Drive already mounted at /content/drive; to attempt to forcibly remount, call drive.mount("/content/drive", force_remount=True).


In [31]:
cd "/content/drive/MyDrive/Courses/AI/Lecture13"

/content/drive/MyDrive/Courses/AI/Lecture13


And, let's log in to Hugging Face to use serverless Inference APIs.

In [32]:
from huggingface_hub import login
from dotenv import load_dotenv
import os

load_dotenv("api_keys.env")
HF_API_KEY = os.environ["HF_API_KEY"]
login(HF_API_KEY)


Note: Environment variable`HF_TOKEN` is set and is the current active token independently from the token you've just configured.


## Initialising agents

Let's start by initialising an agent. We will use the basic `AgentWorkflow` class to create an agent.

In [33]:
from llama_index.llms.huggingface_api import HuggingFaceInferenceAPI
from llama_index.core.agent.workflow import AgentWorkflow, ToolCallResult, AgentStream

os.environ["HF_TOKEN"] = HF_API_KEY


def add(a: int, b: int) -> int:
    """Add two numbers"""
    return a + b


def subtract(a: int, b: int) -> int:
    """Subtract two numbers"""
    return a - b


def multiply(a: int, b: int) -> int:
    """Multiply two numbers"""
    return a * b


def divide(a: int, b: int) -> int:
    """Divide two numbers"""
    return a / b


llm = HuggingFaceInferenceAPI(model_name="Qwen/Qwen2.5-Coder-32B-Instruct")

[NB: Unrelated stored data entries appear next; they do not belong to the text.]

(* Let $n$ be even and let $v_0,\dots,v_{n+1}\in\mathbb{R}^n$ be hereditarily spanning. Then $dS(v_0,\dots,v_{n+1})=0$.
   Context: $\mathrm{Or}(v_1,\dots,v_n)=\operatorname{sign}\det(v_1,\dots,v_n)$ (zero if not a basis). Define $S:(\mathbb{R}^n)^{n+1}\to\{-1,0,1\}$ by $S(v_0,\dots,v_n)=0$ if $0$ is not in the interior of the convex hull of $v_0,\dots,v_n$, and otherwise $S(v_0,\dots,v_n)=(-1)^i\mathrm{Or}(v_0,\dots,\widehat{v_i},\dots,v_n)$ for any $i\in\{0,\dots,n\}$ (this is independent of $i$). A $k$-tuple ($k\ge n$) in $\mathbb{R}^n$ is hereditarily spanning if every $n$ of its elements span $\mathbb{R}^n$. $dS(v_0,\dots,v_{n+1})=\sum_{i=0}^{n+1}(-1)^iS(v_0,\dots,\widehat{v_i},\dots,v_{n+1})$. *)

theory Defs
  imports "HOL-Analysis.Analysis" "HOL-Library.Numeral_Type"
begin

text \<open>Vectors in R^n are elements of real^'n; the coordinate/column order of
  'n is the one given by its enum class (for numeral types: 0,1,...,n-1).\<close>

definition enum_pos :: "'n::enum \<Rightarrow> nat" where
  "enum_pos j = (THE k. k < length (Enum.enum :: 'n list) \<and> Enum.enum ! k = j)"

definition Or :: "(real^'n::enum) list \<Rightarrow> real" where
  "Or ws = (if length ws = CARD('n)
            then sgn (det (\<chi> i j. (ws ! enum_pos j) $ i))
            else 0)"

definition del_nth :: "nat \<Rightarrow> 'a list \<Rightarrow> 'a list" where
  "del_nth i xs = take i xs @ drop (Suc i) xs"

text \<open>S(v_0,...,v_n); value 0 if 0 not in the interior of the convex hull,
  otherwise (-1)^i Or(v_0,..,hat v_i,..,v_n), here with i = 0.\<close>
definition S :: "(real^'n::enum) list \<Rightarrow> real" where
  "S vs = (if 0 \<in> interior (convex hull (set vs)) then Or (del_nth 0 vs) else 0)"
lemma sum_base_flow:
  assumes "k \<in> {1..n}"
  shows "(\<Sum>j=1..m k. base_flow a (k, j)) = real (a k)"
proof -
  have "(\<Sum>j=2..m k. base_flow a (k, j)) = 0"
    using assms by (auto simp: base_flow_def Gm_edges_def intro!: sum.neutral)
  then show ?thesis
    using sum_edges_split[OF assms, of "\<lambda>j. base_flow a (k, j)"] first_edge_mem[OF assms]
    by (simp add: base_flow_def)
qed

lemma polytope_eq_flow_of_coords:
  assumes "f \<in> polytope a"
  shows "f = restrict (\<lambda>e. flow_of (coords f) e + base_flow a e) E"
proof (rule extensionalityI[of _ E])
  show "f \<in> extensional E" using assms by (simp add: flow_polytope_def)
  fix e assume "e \<in> E"
  with assms show "f e = restrict (\<lambda>e. flow_of (coords f) e + base_flow a e) E e"
    using flow_eq_flow_of_coords[OF conservation_polytope[OF assms]] by (simp add: base_flow_def)
qed simp

lemma coords_polytope_subset: "coords ` polytope a \<subseteq> simplices a"
proof
  fix y assume "y \<in> coords ` polytope a"
  then obtain f where f: "f \<in> polytope a" and y: "y = coords f" by blast
  have nonneg: "0 \<le> f e" if "e \<in> E" for e
    using f that by (simp add: flow_polytope_def)
  have "(\<Sum>l\<in>block i. y l) \<le> real (a i)" if i: "i \<in> {1..n}" for i
  proof -
    have "(\<Sum>l\<in>block i. y l) = real (a i) - f (i, 1)"
      using conservation_polytope[OF f i] sum_edges_split[OF i, of "\<lambda>j. f (i, j)"] sum_block[OF i, of f]
      by (simp add: y sum_coords_block)
    with nonneg[OF first_edge_mem[OF i]] show ?thesis by simp
  qed
  moreover have "0 \<le> y l" if "l \<in> block i" for i l
    using that nonneg h_edge by (simp add: y coords_def block_def)
  ultimately show "y \<in> simplices a"
    by (auto simp: simplex_product_def y coords_in_space)
qed

lemma flow_of_simplices_mem_polytope:
  assumes y: "y \<in> simplices a"
  shows "restrict (\<lambda>e. flow_of y e + base_flow a e) E \<in> polytope a"
proof -
  let ?f = "restrict (\<lambda>e. flow_of y e + base_flow a e) E"
  have "0 \<le> ?f e" if e: "e \<in> E" for e
  proof (cases "2 \<le> snd e")
    case True
    with e obtain l where l: "l < d" "h l = e" by (blast elim: free_edge_eq_h[OF free_edgeI])
    then have "l \<in> block (fst e)" by (simp add: block_def)
    then have "0 \<le> y l" using y h_fst[OF l(1)] l(2) by (auto simp: simplex_product_def)
    with e True show ?thesis using flow_of_h[OF l(1), of y] by (simp add: base_flow_def l(2))
  next
    case False
    with e obtain i where i: "i \<in> {1..n}" and ei: "e = (i, 1)" by (auto simp: Gm_edges_def)
    have "(\<Sum>l\<in>block i. y l) \<le> real (a i)" using y i by (auto simp: simplex_product_def)
    then show ?thesis
      using flow_of_first[OF first_edge_mem[OF i], of y] first_edge_mem[OF i]
      by (simp add: ei base_flow_def)
  qed
  moreover have "netflow E Gm_tail (Gm_head n) ?f k = real (a k)" if k: "k \<in> {1..n}" for k
  proof -
    have "(\<Sum>j=1..m k. ?f (k, j)) = (\<Sum>j=1..m k. flow_of y (k, j) + base_flow a (k, j))"
      using k by (intro sum.cong) (auto simp: Gm_edges_def)
    also have "\<dots> = (\<Sum>j=1..m k. flow_of y (k, j)) + (\<Sum>j=1..m k. base_flow a (k, j))"
      by (rule sum.distrib)
    also have "\<dots> = real (a k)"
      by (simp only: conservation_flow_of[OF k] sum_base_flow[OF k] add_0)
    finally show ?thesis by (simp only: netflow_Gm[OF k])
  qed
  ultimately show ?thesis by (simp add: flow_polytope_def)
qed

lemma coords_polytope: "coords ` polytope a = simplices a"
proof
  show "simplices a \<subseteq> coords ` polytope a"
  proof
    fix y assume y: "y \<in> simplices a"
    have "coords (restrict (\<lambda>e. flow_of y e + base_flow a e) E) = coords (flow_of y)"
      unfolding coords_def by (intro restrict_ext) (auto simp: h_edge base_flow_def dest: h_snd)
    also have "\<dots> = y" using y by (simp add: coords_flow_of)
    finally show "y \<in> coords ` polytope a"
      by (rule image_eqI[OF sym flow_of_simplices_mem_polytope[OF y]])
  qed
qed (rule coords_polytope_subset)

lemma emeasure_simplices:
  "emeasure (lborel_pi d) (simplices a) = ennreal (\<Prod>i=1..n. real (a i) ^ (m i - 1) / fact (m i - 1))"
proof -
  have "emeasure (PiM (\<Union>(block ` {1..n})) (\<lambda>_. lborel))
      (simplex_product {1..n} block (\<lambda>i. real (a i)) \<inter> space (PiM (\<Union>(block ` {1..n})) (\<lambda>_. lborel)))
    = ennreal (\<Prod>i\<in>{1..n}. real (a i) ^ card (block i) / fact (card (block i)))"
    by (rule emeasure_simplex_product[OF _ disjoint_family_on_block]) (auto simp: block_def)
  also have "\<dots> = ennreal (\<Prod>i=1..n. real (a i) ^ (m i - 1) / fact (m i - 1))"
    by (intro arg_cong[where f=ennreal] prod.cong refl) (simp add: card_block)
  finally show ?thesis by (simp only: UN_block)
qed

definition chart_matrix :: "(nat \<Rightarrow> nat \<times> nat \<Rightarrow> real) \<Rightarrow> nat \<Rightarrow> nat \<Rightarrow> real" where
  "chart_matrix M j l = (\<Sum>e\<in>E. M j e * flow_coeff e (h l))"

lemma mat_map_flow_of: "mat_map d M E (flow_of y) = lin_map d (chart_matrix M) y"
proof -
  have "(\<Sum>e\<in>E. M j e * flow_of y e) = (\<Sum>l<d. chart_matrix M j l * y l)" for j
  proof -
    have "(\<Sum>e\<in>E. M j e * flow_of y e) = (\<Sum>e\<in>E. \<Sum>l<d. M j e * flow_coeff e (h l) * y l)"
      by (intro sum.cong refl) (simp add: flow_of_def sum_distrib_left mult.assoc)
    also have "\<dots> = (\<Sum>l<d. \<Sum>e\<in>E. M j e * flow_coeff e (h l) * y l)"
      by (rule sum.swap)
    also have "\<dots> = (\<Sum>l<d. chart_matrix M j l * y l)"
      by (simp add: chart_matrix_def sum_distrib_right)
    finally show ?thesis .
  qed
  then show ?thesis by (simp add: mat_map_def lin_map_def)
qed

lemma unimodular_chart_matrix:
  assumes "lattice_chart d M E V"
  shows "bij_betw (lin_map d (chart_matrix M)) (space (lborel_pi d)) (space (lborel_pi d))"
    and "lin_map d (chart_matrix M) ` int_points d = int_points d"
proof -
  have "lin_map d (chart_matrix M) = mat_map d M E \<circ> flow_of"
    by (simp add: fun_eq_iff mat_map_flow_of)
  moreover have "bij_betw (mat_map d M E) V (space (lborel_pi d))"
    using assms by (simp add: lattice_chart_def space_lborel_pi)
  ultimately show "bij_betw (lin_map d (chart_matrix M)) (space (lborel_pi d)) (space (lborel_pi d))"
    using bij_betw_trans[OF bij_betw_flow_of] by simp
  have "lin_map d (chart_matrix M) ` int_points d = mat_map d M E ` flow_of ` int_points d"
    by (simp add: image_image mat_map_flow_of)
  also have "\<dots> = int_points d"
    unfolding flow_of_int_points using assms by (simp add: lattice_chart_def int_points_def)
  finally show "lin_map d (chart_matrix M) ` int_points d = int_points d" .
qed

lemma mat_map_chart_polytope:
  "mat_map d M E ` polytope a =
     shift d (mat_map d M E (base_flow a)) ` lin_map d (chart_matrix M) ` simplices a"
proof -
  have "mat_map d M E f = shift d (mat_map d M E (base_flow a)) (lin_map d (chart_matrix M) (coords f))"
    if "f \<in> polytope a" for f
  proof -
    have "mat_map d M E f = mat_map d M E (restrict (\<lambda>e. flow_of (coords f) e + base_flow a e) E)"
      by (rule arg_cong[OF polytope_eq_flow_of_coords[OF that]])
    then show ?thesis by (simp add: mat_map_restrict_add mat_map_flow_of)
  qed
  then have "mat_map d M E ` polytope a =
      (\<lambda>f. shift d (mat_map d M E (base_flow a)) (lin_map d (chart_matrix M) (coords f))) ` polytope a"
    by (rule image_cong[OF refl])
  then have "mat_map d M E ` polytope a =
      shift d (mat_map d M E (base_flow a)) ` lin_map d (chart_matrix M) ` coords ` polytope a"
    by (simp only: image_image)
  then show ?thesis by (simp only: coords_polytope)
qed

lemma emeasure_mat_map_chart_polytope:
  assumes "lattice_chart d M E V"
  shows "emeasure (lborel_pi d) (mat_map d M E ` polytope a) =
    ennreal (\<Prod>i=1..n. real (a i) ^ (m i - 1) / fact (m i - 1))"
proof -
  have sets: "simplices a \<in> sets (lborel_pi d)"
    by (rule simplex_product_in_sets) (auto simp: block_def)
  note unimodular = emeasure_unimodular_image[OF unimodular_chart_matrix[OF assms] sets]
  have "emeasure (lborel_pi d) (mat_map d M E ` polytope a) =
      emeasure (lborel_pi d) (lin_map d (chart_matrix M) ` simplices a)"
    unfolding mat_map_chart_polytope by (rule emeasure_shift_image[OF unimodular(1)])
  also have "\<dots> = emeasure (lborel_pi d) (simplices a)"
    by (rule unimodular(2))
  finally show ?thesis by (simp only: emeasure_simplices)
qed

end

theorem lemma3p8:
  fixes n :: nat and m a :: "nat \<Rightarrow> nat"
  assumes "\<forall>i\<in>{1..n}. 0 < m i"
  shows "rel_norm_volume (card (Gm_edges n m) - n) (Gm_edges n m)
           (flow_dir (Gm_edges n m) Gm_tail (Gm_head n) n)
           (flow_polytope (Gm_edges n m) Gm_tail (Gm_head n) n (\<lambda>k. real (a k)))
         = multinomial n (\<lambda>i. m i - 1) * (\<Prod>i=1..n. real (a i) ^ (m i - 1))"
proof -
  obtain h where "bij_betw h {..<card (Gm_free_edges n m)} (Gm_free_edges n m)"
    using ex_bij_betw_nat_finite[OF finite_Gm_free_edges] by (auto simp: atLeast0LessThan)
  then interpret Gm_coordinates n m h by (rule Gm_coordinates.intro[OF assms])
  let ?M = "SOME M. lattice_chart d M E V"
  have chart: "lattice_chart d ?M E V"
    using ex_lattice_chart by (rule someI_ex)
  have "rel_norm_volume d E V (polytope a) = fact d * measure (lborel_pi d) (mat_map d ?M E ` polytope a)"
    by (simp add: rel_norm_volume_def)
  also have "\<dots> = fact d * (\<Prod>i=1..n. real (a i) ^ (m i - 1) / fact (m i - 1))"
    using prod_nonneg[of "{1..n}" "\<lambda>i. real (a i) ^ (m i - 1) / fact (m i - 1)"]
    by (simp add: measure_def emeasure_mat_map_chart_polytope[OF chart])
  also have "\<dots> = multinomial n (\<lambda>i. m i - 1) * (\<Prod>i=1..n. real (a i) ^ (m i - 1))"
    by (simp add: multinomial_def card_Gm_free_edges prod_dividef)
  finally show ?thesis by (simp add: card_Gm_edges_minus[OF assms])
qed

end
lemma pattern_embedding_into_subtree:
  assumes f: "pattern_embedding T P e f"
    and below_c: "\<And>q. q \<in> nodes P \<Longrightarrow> \<exists>r. f q = c @ r"
  shows "pattern_embedding (subtree T c) P e (\<lambda>q. drop (length c) (f q))"
proof -
  define g where "g q = drop (length c) (f q)" for q
  have f_eq: "f q = c @ g q" if "q \<in> nodes P" for q
    using below_c[OF that] by (auto simp: g_def)
  have "inj_on g (nodes P)"
    using f f_eq unfolding pattern_embedding_def inj_on_def by (metis same_append_eq)
  moreover have "g ` nodes P \<subseteq> nodes (subtree T c)"
    using f f_eq unfolding pattern_embedding_def by (auto simp flip: append_in_nodes_iff)
  moreover have "if e (p @ [d]) then g (p @ [d]) = g p @ [d] else (\<exists>r. g (p @ [d]) = g p @ d # r)"
    if "p @ [d] \<in> nodes P" for p d
  proof -
    have "if e (p @ [d]) then f (p @ [d]) = f p @ [d] else (\<exists>r. f (p @ [d]) = f p @ d # r)"
      using f that unfolding pattern_embedding_def by blast
    then show ?thesis using f_eq[OF that] f_eq[OF append_in_nodesD[OF that]] by auto
  qed
  ultimately show ?thesis unfolding pattern_embedding_def g_def by blast
qed

lemma pattern_embedding_subpattern:
  assumes f: "pattern_embedding T Q e' f"
    and P_below: "\<And>q. q \<in> nodes P \<Longrightarrow> pre @ q \<in> nodes Q"
    and e_below: "\<And>q. q \<noteq> [] \<Longrightarrow> e' (pre @ q) = e q"
  shows "pattern_embedding T P e (\<lambda>q. f (pre @ q))"
proof -
  have "inj_on (\<lambda>q. f (pre @ q)) (nodes P)"
    using f P_below unfolding pattern_embedding_def inj_on_def by blast
  moreover have "(\<lambda>q. f (pre @ q)) ` nodes P \<subseteq> nodes T"
    using f P_below unfolding pattern_embedding_def by blast
  moreover have "if e (p @ [d]) then f (pre @ p @ [d]) = f (pre @ p) @ [d]
      else (\<exists>r. f (pre @ p @ [d]) = f (pre @ p) @ d # r)"
    if "p @ [d] \<in> nodes P" for p d
    using f P_below[OF that] e_below[of "p @ [d]"] unfolding pattern_embedding_def
    by (metis append.assoc snoc_eq_iff_butlast)
  ultimately show ?thesis unfolding pattern_embedding_def by blast
qed

lemma contains_subtree: "contains (subtree T c) P e \<Longrightarrow> contains T P e"
  using pattern_embedding_from_subtree contains_iff_pattern_embedding by blast

lemma contains_Node: "contains l P e \<or> contains r P e \<Longrightarrow> contains (Node l r) P e"
  using contains_subtree[of "Node l r" "[False]"] contains_subtree[of "Node l r" "[True]"] by auto

text \<open>
  Q consists of the skeleton S, all of whose edges are contiguous, and a copy of P hanging from
  the vertex \<open>butlast pre\<close> of S via a non-contiguous edge to \<open>pre\<close>.
\<close>

locale attached_pattern =
  fixes Q :: btree and S :: "bool list set" and pre :: "bool list" and P :: btree
  assumes nodes_Q: "nodes Q = S \<union> (\<lambda>q. pre @ q) ` nodes P"
    and S_prefix_closed: "p @ [d] \<in> S \<Longrightarrow> p \<in> S"
    and pre_nonempty: "pre \<noteq> []"
    and butlast_pre_in_S: "butlast pre \<in> S"
    and below_pre_notin_S: "pre @ q \<notin> S"
begin

lemma attach_e_on_S: "s \<in> S \<Longrightarrow> attach_e pre e s"
  using below_pre_notin_S[of "[]"] below_pre_notin_S unfolding attach_e_def by auto

lemma attach_e_below_pre: "attach_e pre e (pre @ q) \<longleftrightarrow> q \<noteq> [] \<and> e q"
  unfolding attach_e_def by simp

lemma pattern_embedding_on_S:
  assumes f: "pattern_embedding T Q (attach_e pre e) f" and "s \<in> S"
  shows "f s = f [] @ s"
  using \<open>s \<in> S\<close>
proof (induction s rule: rev_induct)
  case (snoc d p)
  then have "p \<in> S" "p @ [d] \<in> nodes Q" using S_prefix_closed nodes_Q by auto
  then show ?case
    using f snoc attach_e_on_S[OF snoc.prems] unfolding pattern_embedding_def by auto
qed simp

lemma pattern_embedding_below_pre:
  assumes f: "pattern_embedding T Q (attach_e pre e) f" and "q \<in> nodes P"
  shows "\<exists>r. f (pre @ q) = f [] @ pre @ r"
  using \<open>q \<in> nodes P\<close>
proof (induction q rule: rev_induct)
  case Nil
  have pre_split: "pre = butlast pre @ [last pre]"
    using pre_nonempty by simp
  moreover have "pre \<in> nodes Q" using Nil nodes_Q by auto
  ultimately obtain r where "f pre = f (butlast pre) @ last pre # r"
    using f attach_e_below_pre[of e "[]"] unfolding pattern_embedding_def by (metis append_Nil2)
  then show ?case
    using pattern_embedding_on_S[OF f butlast_pre_in_S] pre_split
    by (metis append.assoc append_Cons append_Nil append_Nil2)
next
  case (snoc d q)
  then obtain r where r: "f (pre @ q) = f [] @ pre @ r"
    using append_in_nodesD by blast
  have "(pre @ q) @ [d] \<in> nodes Q" using snoc.prems nodes_Q by auto
  then obtain r' where "f ((pre @ q) @ [d]) = f (pre @ q) @ d # r'"
    using f unfolding pattern_embedding_def by (metis append_Cons append_Nil)
  then show ?case using r by auto
qed

lemma contains_attached_imp:
  assumes "contains T Q (attach_e pre e)"
  shows "\<exists>a. (\<forall>s\<in>S. a @ s \<in> nodes T) \<and> contains (subtree T (a @ pre)) P e"
proof -
  obtain f where f: "pattern_embedding T Q (attach_e pre e) f"
    using assms contains_iff_pattern_embedding by blast
  have S_in_T: "\<forall>s\<in>S. f [] @ s \<in> nodes T"
    using f pattern_embedding_on_S[OF f] nodes_Q unfolding pattern_embedding_def
    by (metis UnI1 image_subset_iff)
  have "pattern_embedding T P e (\<lambda>q. f (pre @ q))"
    by (rule pattern_embedding_subpattern[OF f]) (auto simp: nodes_Q attach_e_below_pre)
  then have "pattern_embedding (subtree T (f [] @ pre)) P e
      (\<lambda>q. drop (length (f [] @ pre)) (f (pre @ q)))"
    by (rule pattern_embedding_into_subtree) (use pattern_embedding_below_pre[OF f] in auto)
  then show ?thesis
    using S_in_T contains_iff_pattern_embedding by blast
qed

agent = AgentWorkflow.from_tools_or_functions(
    tools_or_functions=[subtract, multiply, divide, add],
    llm=llm,
    system_prompt="You are a math agent that can add, subtract, multiply, and divide numbers using provided tools.",
)

Then, we can run the agent and get the response and reasoning behind the tool calls.

In [34]:
handler = agent.run("What is (2 + 2) * 2?")
async for ev in handler.stream_events():
    if isinstance(ev, ToolCallResult):
        print("")
        print("Called tool: ", ev.tool_name, ev.tool_kwargs, "=>", ev.tool_output)
    elif isinstance(ev, AgentStream):  # showing the thought process
        print(ev.delta, end="", flush=True)

resp = await handler
resp

Thought: The current language of the user is: English. I need to use a tool to help me answer the question.
Action: add
Action Input: {"a": 2, "b": 2}
Called tool:  add {'a': 2, 'b': 2} => 4
Thought: Now I need to multiply the result by 2.
Action: multiply
Action Input: {'a': 4, 'b': 2}
Called tool:  multiply {'a': 4, 'b': 2} => 8
Thought: I can answer without using any more tools. I'll use the user's language to answer
Answer: (2 + 2) * 2 = 8

AgentOutput(response=ChatMessage(role=<MessageRole.ASSISTANT: 'assistant'>, additional_kwargs={}, blocks=[TextBlock(block_type='text', text='(2 + 2) * 2 = 8')]), tool_calls=[ToolCallResult(tool_name='add', tool_kwargs={'a': 2, 'b': 2}, tool_id='36dfe536-7fa4-4776-8682-e4d79b0a83e4', tool_output=ToolOutput(content='4', tool_name='add', raw_input={'args': (), 'kwargs': {'a': 2, 'b': 2}}, raw_output=4, is_error=False), return_direct=False), ToolCallResult(tool_name='multiply', tool_kwargs={'a': 4, 'b': 2}, tool_id='033ccfb8-19de-4c48-bcf3-01d2665d6fd2', tool_output=ToolOutput(content='8', tool_name='multiply', raw_input={'args': (), 'kwargs': {'a': 4, 'b': 2}}, raw_output=8, is_error=False), return_direct=False)], raw=ChatCompletionStreamOutput(choices=[ChatCompletionStreamOutputChoice(delta=ChatCompletionStreamOutputDelta(role='assistant', content='8', tool_call_id=None, tool_calls=None), index=0, finish_reason=None, logprobs=None)], created=1746482577, id='', model='Qwen/Qwen2.5-Coder-3

In a similar fashion, we can pass state and context to the agent.


In [35]:
from llama_index.core.workflow import Context

ctx = Context(agent)

response = await agent.run("My name is Bob.", ctx=ctx)
response = await agent.run("What was my name again?", ctx=ctx)
response

AgentOutput(response=ChatMessage(role=<MessageRole.ASSISTANT: 'assistant'>, additional_kwargs={}, blocks=[TextBlock(block_type='text', text='Your name is Bob.')]), tool_calls=[], raw=ChatCompletionStreamOutput(choices=[ChatCompletionStreamOutputChoice(delta=ChatCompletionStreamOutputDelta(role='assistant', content='.', tool_call_id=None, tool_calls=None), index=0, finish_reason=None, logprobs=None)], created=1746482601, id='', model='Qwen/Qwen2.5-Coder-32B-Instruct', system_fingerprint='3.2.1-sha-4d28897', usage=None, object='chat.completion.chunk'), current_agent_name='Agent')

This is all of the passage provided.